Department of Cardiology, Nangfang Hospital, Southern Medical University, Guangzhou, Guangdong, China.
Braz J Med Biol Res. 2011 Nov;44(11):1118-24. doi: 10.1590/s0100-879x2011007500128. Epub 2011 Sep 30.

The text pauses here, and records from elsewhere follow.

lemma lpnorm_mono:
  assumes "\<And>x. g x \<le> g' x"
  shows "lpnorm M p g \<le> lpnorm M p g'"
proof (cases "p = \<infinity>")
  case True
  have "{c. AE x in M. g' x \<le> c} \<subseteq> {c. AE x in M. g x \<le> c}"
    by (auto elim!: eventually_mono intro: order_trans[OF assms])
  then show ?thesis
    using True unfolding lpnorm_def by (simp add: Inf_superset_mono)
next
  case False
  define I where "I g = (\<integral>\<^sup>+ x. (if g x = \<infinity> then \<infinity> else ennreal (enn2real (g x) powr enn2real p)) \<partial>M)"
    for g :: "_ \<Rightarrow> ennreal"
  have "I g \<le> I g'"
    unfolding I_def
  proof (intro nn_integral_mono)
    fix x
    show "(if g x = \<infinity> then \<infinity> else ennreal (enn2real (g x) powr enn2real p))
        \<le> (if g' x = \<infinity> then \<infinity> else ennreal (enn2real (g' x) powr enn2real p))"
      using assms[of x] by (auto simp: top_unique less_top intro!: ennreal_leI powr_mono2 enn2real_mono)
  qed
  then have "I g' \<noteq> \<infinity> \<Longrightarrow> enn2real (I g) powr (1 / enn2real p) \<le> enn2real (I g') powr (1 / enn2real p)"
    by (intro powr_mono2 enn2real_mono) (auto simp: less_top)
  then show ?thesis
    using False \<open>I g \<le> I g'\<close> unfolding lpnorm_def I_def[symmetric]
    by (auto simp: Let_def top_unique intro: ennreal_leI)
qed

lemma lpnorm_top_eq_esssup:
  "g \<in> borel_measurable M \<Longrightarrow> lpnorm M \<infinity> g = esssup M g"
  by (simp add: lpnorm_def esssup_eq_AE)

lemma lpnorm_top_le:
  "(\<And>x. g x \<le> c) \<Longrightarrow> lpnorm M \<infinity> g \<le> c"
  unfolding lpnorm_def by (auto intro: Inf_lower)

lemma lpnorm_ennreal:
  fixes h :: "'a \<Rightarrow> real"
  assumes "0 \<le> P" "\<And>x. 0 \<le> h x"
  shows "lpnorm M (ennreal P) (\<lambda>x. ennreal (h x)) =
    (let I = \<integral>\<^sup>+ x. ennreal (h x powr P) \<partial>M in
     if I = \<infinity> then \<infinity> else ennreal (enn2real I powr (1 / P)))"
  unfolding lpnorm_def using assms by (simp add: Let_def)

lemma lpnorm_le_ennreal_iff:
  fixes h :: "'a \<Rightarrow> real"
  assumes "0 < P" "\<And>x. 0 \<le> h x" "0 \<le> A"
  shows "lpnorm M (ennreal P) (\<lambda>x. ennreal (h x)) \<le> ennreal A \<longleftrightarrow>
    (\<integral>\<^sup>+ x. ennreal (h x powr P) \<partial>M) \<le> ennreal (A powr P)"
proof (cases "(\<integral>\<^sup>+ x. ennreal (h x powr P) \<partial>M) = \<infinity>")
  case True
  then show ?thesis
    using assms by (simp add: lpnorm_ennreal top_unique)
next
  case False
  then obtain i where i: "(\<integral>\<^sup>+ x. ennreal (h x powr P) \<partial>M) = ennreal i" "0 \<le> i"
    by (cases "\<integral>\<^sup>+ x. ennreal (h x powr P) \<partial>M") auto
  have "i powr (1 / P) \<le> A \<longleftrightarrow> i \<le> A powr P"
  proof
    assume "i powr (1 / P) \<le> A"
    then have "(i powr (1 / P)) powr P \<le> A powr P"
      using assms by (intro powr_mono2) auto
    then show "i \<le> A powr P"
      using assms i by (simp add: powr_powr)
  next
    assume "i \<le> A powr P"
    then have "i powr (1 / P) \<le> (A powr P) powr (1 / P)"
      using assms i by (intro powr_mono2) auto
    then show "i powr (1 / P) \<le> A"
      using assms by (simp add: powr_powr)
  qed
  then show ?thesis
    using assms i by (simp add: lpnorm_ennreal)
qed

lemma lpnorm_le_max_if_bounded:
  fixes h :: "'a \<Rightarrow> real"
  assumes [measurable]: "h \<in> borel_measurable M"
    and "0 < P" "P \<le> Q" "\<And>x. 0 \<le> h x" "\<And>x. h x \<le> B" "0 \<le> A"
    and "lpnorm M (ennreal P) (\<lambda>x. ennreal (h x)) \<le> ennreal A"
  shows "lpnorm M (ennreal Q) (\<lambda>x. ennreal (h x)) \<le> ennreal (max A B)"
proof -
  define m where "m = max A B"
  have "0 \<le> B"
    using assms(4,5) order_trans by blast
  have hP: "(\<integral>\<^sup>+ x. ennreal (h x powr P) \<partial>M) \<le> ennreal (A powr P)"
    using assms lpnorm_le_ennreal_iff by blast
  have "h x powr Q \<le> B powr (Q - P) * h x powr P" for x
  proof -
    have "h x powr Q = h x powr (Q - P) * h x powr P"
      by (simp flip: powr_add)
    also have "\<dots> \<le> B powr (Q - P) * h x powr P"
      using assms by (intro mult_right_mono powr_mono2) auto
    finally show ?thesis .
  qed
  then have "(\<integral>\<^sup>+ x. ennreal (h x powr Q) \<partial>M) \<le> (\<integral>\<^sup>+ x. ennreal (B powr (Q - P)) * ennreal (h x powr P) \<partial>M)"
    by (intro nn_integral_mono) (simp flip: ennreal_mult)
  also have "\<dots> = ennreal (B powr (Q - P)) * (\<integral>\<^sup>+ x. ennreal (h x powr P) \<partial>M)"
    by (rule nn_integral_cmult) measurable
  also have "\<dots> \<le> ennreal (B powr (Q - P)) * ennreal (A powr P)"
    using hP by (rule mult_left_mono) simp
  also have "\<dots> \<le> ennreal (m powr (Q - P) * m powr P)"
    using assms \<open>0 \<le> B\<close>
    by (simp add: m_def flip: ennreal_mult; intro ennreal_leI mult_mono powr_mono2) auto
  also have "\<dots> = ennreal (m powr Q)"
    by (simp flip: powr_add)
  finally show ?thesis
    using assms lpnorm_le_ennreal_iff[of Q h m M] unfolding m_def by auto
qed
lemma nc_graph_iso_map_centralizer:
  assumes f: "nc_graph_iso_map f G H" and S: "S \<subseteq> noncentral G"
  shows "f ` (centralizer G S - center G) = centralizer H (f ` S) - center H"
proof -
  have inj: "inj_on f (noncentral G)" and img: "f ` noncentral G = noncentral H"
    using f by (auto simp: nc_graph_iso_map_def bij_betw_def)
  have adj: "nc_adj G s v \<longleftrightarrow> nc_adj H (f s) (f v)" if "s \<in> noncentral G" "v \<in> noncentral G" for s v
    using f that by (simp add: nc_graph_iso_map_def)
  have "v \<in> centralizer G S \<longleftrightarrow> f v \<in> centralizer H (f ` S)" if v: "v \<in> noncentral G" for v
  proof -
    have fv: "f v \<in> noncentral H" using v img by blast
    have "v \<in> centralizer G S \<longleftrightarrow> (\<forall>s \<in> S. v \<otimes>\<^bsub>G\<^esub> s = s \<otimes>\<^bsub>G\<^esub> v)"
      using v by (simp add: centralizer_def)
    also have "\<dots> \<longleftrightarrow> (\<forall>s \<in> S. v = s \<or> \<not> nc_adj G s v)"
      using S noncentral_commute_iff_not_adj[OF v] by blast
    also have "\<dots> \<longleftrightarrow> (\<forall>s \<in> S. f v = f s \<or> \<not> nc_adj H (f s) (f v))"
      using v S adj inj_on_eq_iff[OF inj v] by blast
    also have "\<dots> \<longleftrightarrow> (\<forall>s \<in> f ` S. f v \<otimes>\<^bsub>H\<^esub> s = s \<otimes>\<^bsub>H\<^esub> f v)"
      using S img noncentral_commute_iff_not_adj[OF fv] by blast
    also have "\<dots> \<longleftrightarrow> f v \<in> centralizer H (f ` S)"
      using fv by (simp add: centralizer_def)
    finally show ?thesis .
  qed
  note centralizer_iff = this
  show ?thesis
  proof (intro equalityI subsetI)
    fix w assume "w \<in> f ` (centralizer G S - center G)"
    then obtain v where "v \<in> centralizer G S" "v \<notin> center G" "w = f v" by blast
    moreover then have "v \<in> noncentral G" by (simp add: centralizer_def)
    ultimately show "w \<in> centralizer H (f ` S) - center H"
      using centralizer_iff img by blast
  next
    fix w assume w: "w \<in> centralizer H (f ` S) - center H"
    then have "w \<in> f ` noncentral G" using img by (auto simp: centralizer_def)
    then obtain v where "v \<in> noncentral G" "w = f v" by blast
    then show "w \<in> f ` (centralizer G S - center G)" using centralizer_iff w by blast
  qed
qed

lemma (in group) card_centralizer_split:
  assumes "finite (carrier G)" "S \<subseteq> carrier G"
  shows "card (centralizer G S) = card (center G) + card (centralizer G S - center G)"
proof -
  have "finite (centralizer G S)" using assms(1) by (simp add: centralizer_def)
  moreover note center_subset_centralizer[OF assms(2)]
  ultimately have "card (center G) \<le> card (centralizer G S)"
    and "card (centralizer G S - center G) = card (centralizer G S) - card (center G)"
    by (simp_all add: card_mono card_Diff_subset finite_subset)
  then show ?thesis by simp
qed

lemma nc_graph_iso_map_card_centralizer:
  assumes "group G" "group H" "finite (carrier G)" "finite (carrier H)"
    and f: "nc_graph_iso_map f G H" and S: "S \<subseteq> noncentral G"
  shows "card (centralizer H (f ` S)) + card (center G) = card (centralizer G S) + card (center H)"
proof -
  have "inj_on f (centralizer G S - center G)"
    using f by (auto simp: nc_graph_iso_map_def bij_betw_def centralizer_def intro: inj_on_subset)
  then have "card (centralizer H (f ` S) - center H) = card (centralizer G S - center G)"
    by (simp add: nc_graph_iso_map_centralizer[OF f S, symmetric] card_image)
  moreover have "f ` S \<subseteq> carrier H" using f S by (auto simp: nc_graph_iso_map_def bij_betw_def)
  moreover have "S \<subseteq> carrier G" using S by blast
  ultimately show ?thesis
    using group.card_centralizer_split[OF assms(1,3), of S] group.card_centralizer_split[OF assms(2,4), of "f ` S"]
    by linarith
qed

The testicular feminized (Tfm) mouse carries a nonfunctional androgen receptor (AR) and reduced circulating testosterone levels. We used Tfm and castrated mice to determine whether testosterone modulates markers of aging in cardiomyocytes via its classic AR-dependent pathway or conversion to estradiol. Male littermates and Tfm mice were divided into 6 experimental groups. Castrated littermates (group 1) and sham-operated Tfm mice (group 2, N = 8 each) received testosterone. Sham-operated Tfm mice received testosterone in combination with the aromatase inhibitor anastrazole (group 3, N = 7). Castrated littermates (group 4) and sham-operated untreated Tfm mice (group 5) were used as controls (N = 8 and 7, respectively). An additional control group (group 6) consisted of age-matched non-castrated littermates (N = 8). Cardiomyocytes were isolated from the left ventricle, telomere length was measured by quantitative PCR and expression of p16INK4α, retinoblastoma (Rb) and p53 proteins was detected by Western blot 3 months after treatment. Compared with group 6, telomere length was short (P < 0.01) and expression of p16INK4α, Rb and p53 proteins was significantly (P < 0.05) up-regulated in groups 4 and 5. These changes were improved to nearly normal levels in groups 1 and 2 (telomere length = 0.78 ± 0.05 and 0.80 ± 0.08; p16INK4α = 0.13 ± 0.03 and 0.15 ± 0.04; Rb = 0.45 ± 0.05 and 0.39 ± 0.06; p53 = 0.16 ± 0.04 and 0.13 ± 0.03), but did not differ between these two groups. These improvements were partly inhibited in group 3 compared with group 2 (telomere length = 0.65 ± 0.08 vs 0.80 ± 0.08, P = 0.021; p16INK4α = 0.28 ± 0.05 vs 0.15 ± 0.04, P = 0.047; Rb = 0.60 ± 0.06 vs 0.39 ± 0.06, P < 0.01; p53 = 0.34 ± 0.06 vs 0.13 ± 0.03, P = 0.004). In conclusion, testosterone deficiency contributes to cardiomyocyte aging. Physiological testosterone can delay cardiomyocyte aging via an AR-independent pathway and in part by conversion to estradiol.
睾丸女性化(Tfm)小鼠携带非功能性雄激素受体(AR),并降低循环中的睾丸激素水平。我们使用 Tfm 和去势小鼠来确定睾丸激素是否通过其经典的 AR 依赖途径或转化为雌二醇来调节心肌细胞的衰老标志物。雄性同窝仔鼠被分为 6 个实验组。去势同窝仔鼠(第 1 组)和假手术 Tfm 小鼠(第 2 组,每组 8 只)接受睾丸激素治疗。假手术 Tfm 小鼠接受睾丸激素和芳香酶抑制剂阿那曲唑(第 3 组,每组 7 只)联合治疗。去势同窝仔鼠(第 4 组)和未治疗的假手术 Tfm 小鼠(第 5 组)作为对照(每组 8 只和 7 只)。另外一组对照组(第 6 组)由年龄匹配的未去势同窝仔鼠组成(每组 8 只)。治疗 3 个月后,从左心室分离心肌细胞,通过实时定量 PCR 测量端粒长度,并通过 Western blot 检测 p16INK4α、视网膜母细胞瘤(Rb)和 p53 蛋白的表达。与第 6 组相比,第 4 组和第 5 组的端粒长度明显缩短(P<0.01),p16INK4α、Rb 和 p53 蛋白的表达显著上调(P<0.05)。第 1 组和第 2 组的这些变化被改善到接近正常水平(端粒长度=0.78±0.05 和 0.80±0.08;p16INK4α=0.13±0.03 和 0.15±0.04;Rb=0.45±0.05 和 0.39±0.06;p53=0.16±0.04 和 0.13±0.03),但两组之间没有差异。与第 2 组相比,第 3 组的这些改善部分受到抑制(端粒长度=0.65±0.08 与 0.80±0.08,P=0.021;p16INK4α=0.28±0.05 与 0.15±0.04,P=0.047;Rb=0.60±0.06 与 0.39±0.06,P<0.01;p53=0.34±0.06 与 0.13±0.03,P=0.004)。综上所述,睾丸激素缺乏会导致心肌细胞衰老。生理睾丸激素可通过 AR 非依赖性途径和部分转化为雌二醇来延缓心肌细胞衰老。